Counting the line with "S \<Longrightarrow> W" as the last one, copy out the lines of the data exactly from the first onward.
____ ENTRIES SHOWN
lemma fractional_assignment_or_violated_cut:
  fixes L :: "'s \<Rightarrow> real" and c :: "'j \<Rightarrow> real"
  assumes "finite S" "finite J" and W: "\<And>s. s \<in> S \<Longrightarrow> W s \<subseteq> J"
    and R: "\<And>s. s \<in> S \<Longrightarrow> R s \<le> card (W s)" and L: "\<And>s. s \<in> S \<Longrightarrow> 0 \<le> L s"
  shows "(\<exists>B\<in>fractional_assignments S W R. \<forall>j\<in>J. overload S L B c j \<le> 0)
    \<or> (\<exists>T\<subseteq>J. sum c T < (\<Sum>s\<in>S. L s * max 0 (real (R s) - real (card (W s - T)))))"
proof -
  have fin_W: "finite (W s)" if "s \<in> S" for s
    using W[OF that] \<open>finite J\<close> finite_subset by blast
  have "\<exists>Bm\<in>fractional_assignments S W R. \<forall>B\<in>fractional_assignments S W R.
      (\<Sum>i\<in>J. (overload S L Bm c i)\<^sup>2) \<le> (\<Sum>i\<in>J. (overload S L B c i)\<^sup>2)"
  proof (rule continuous_attains_inf[OF compact_fractional_assignments fractional_assignments_nonempty])
    show "continuous_on (fractional_assignments S W R) (\<lambda>B. \<Sum>i\<in>J. (overload S L B c i)\<^sup>2)"
      unfolding overload_def
      by (intro continuous_intros continuous_on_subset[OF continuous_on_product_coordinates subset_UNIV])
  qed (use fin_W R in auto)
  then obtain Bm where Bm: "Bm \<in> fractional_assignments S W R"
    and min: "\<And>B. B \<in> fractional_assignments S W R \<Longrightarrow>
      (\<Sum>i\<in>J. (overload S L Bm c i)\<^sup>2) \<le> (\<Sum>i\<in>J. (overload S L B c i)\<^sup>2)"
    by blast
  let ?e = "overload S L Bm c"
  show ?thesis
  proof (cases "\<forall>j\<in>J. ?e j \<le> 0")
    case True
    then show ?thesis using Bm by blast
  next
    case False
    define T where "T = {j\<in>J. 0 < ?e j}"
    have "finite T" "T \<noteq> {}" using \<open>finite J\<close> False by (auto simp: T_def)
    have class_bound: "(\<Sum>j\<in>T. Bm (s, j)) \<le> max 0 (real (R s) - real (card (W s - T)))"
      if "s \<in> S" "0 < L s" for s
    proof -
      have "(\<Sum>j\<in>T. Bm (s, j)) = (\<Sum>j\<in>W s \<inter> T. Bm (s, j))"
        using fractional_assignmentsD(2)[OF Bm] \<open>finite T\<close> by (intro sum.mono_neutral_right) auto
      also have "\<dots> \<le> max 0 (real (R s) - real (card (W s - T)))"
      proof (cases "\<exists>j\<in>W s \<inter> T. 0 < Bm (s, j)")
        case True
        then obtain j where j: "j \<in> W s" "j \<in> T" "0 < Bm (s, j)" by blast
        \<comment> \<open>Class s feeds an overloaded slot, so by optimality it saturates every other slot of its window.\<close>
        have "Bm (s, j') = 1" if j': "j' \<in> W s - T" for j'
        proof (rule ccontr)
          assume "Bm (s, j') \<noteq> 1"
          then have "Bm (s, j') < 1" using fractional_assignmentsD(1)[OF Bm \<open>s \<in> S\<close>] j' by force
          then have "?e j \<le> ?e j'"
            using overload_le_at_minimizer[OF \<open>finite S\<close> \<open>finite J\<close> \<open>s \<in> S\<close> W[OF \<open>s \<in> S\<close>]
                Bm min j(1) _ \<open>0 < L s\<close> j(3)] j'
            by blast
          then show False using j(2) j' W[OF \<open>s \<in> S\<close>] by (auto simp: T_def)
        qed
        then have "(\<Sum>j\<in>W s - T. Bm (s, j)) = real (card (W s - T))" by simp
        then have "real (R s) = (\<Sum>j\<in>W s \<inter> T. Bm (s, j)) + real (card (W s - T))"
          using fractional_assignmentsD(3)[OF Bm \<open>s \<in> S\<close>] sum.Int_Diff[OF fin_W[OF \<open>s \<in> S\<close>], of "\<lambda>j. Bm (s, j)" T]
          by linarith
        then show ?thesis by simp
      next
        case False
        then have "(\<Sum>j\<in>W s \<inter> T. Bm (s, j)) = 0"
          using fractional_assignmentsD(1)[OF Bm \<open>s \<in> S\<close>] by (intro sum.neutral) force
        then show ?thesis by simp
      qed
      finally show ?thesis .
    qed
    have "sum c T < (\<Sum>j\<in>T. \<Sum>s\<in>S. L s * Bm (s, j))"
      using \<open>finite T\<close> \<open>T \<noteq> {}\<close> by (intro sum_strict_mono) (auto simp: T_def overload_def)
    also have "\<dots> = (\<Sum>s\<in>S. L s * (\<Sum>j\<in>T. Bm (s, j)))"
      by (subst sum.swap) (simp add: sum_distrib_left)
    also have "\<dots> \<le> (\<Sum>s\<in>S. L s * max 0 (real (R s) - real (card (W s - T))))"
    proof (rule sum_mono)
      fix s assume "s \<in> S"
      then show "L s * (\<Sum>j\<in>T. Bm (s, j)) \<le> L s * max 0 (real (R s) - real (card (W s - T)))"
        using L[of s] class_bound[of s] by (cases "L s = 0") (auto intro: mult_left_mono)
    qed
    finally have "sum c T < (\<Sum>s\<in>S. L s * max 0 (real (R s) - real (card (W s - T))))" .
    moreover have "T \<subseteq> J" by (simp add: T_def)
    ultimately show ?thesis by blast
  qed
qed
________
● TASK RESULT
lemma fractional_assignment_or_violated_cut:
  fixes L :: "'s \<Rightarrow> real" and c :: "'j \<Rightarrow> real"
  assumes "finite S" "finite J" and W: "\<And>s. s \<in> S \<Longrightarrow> W s \<subseteq> J"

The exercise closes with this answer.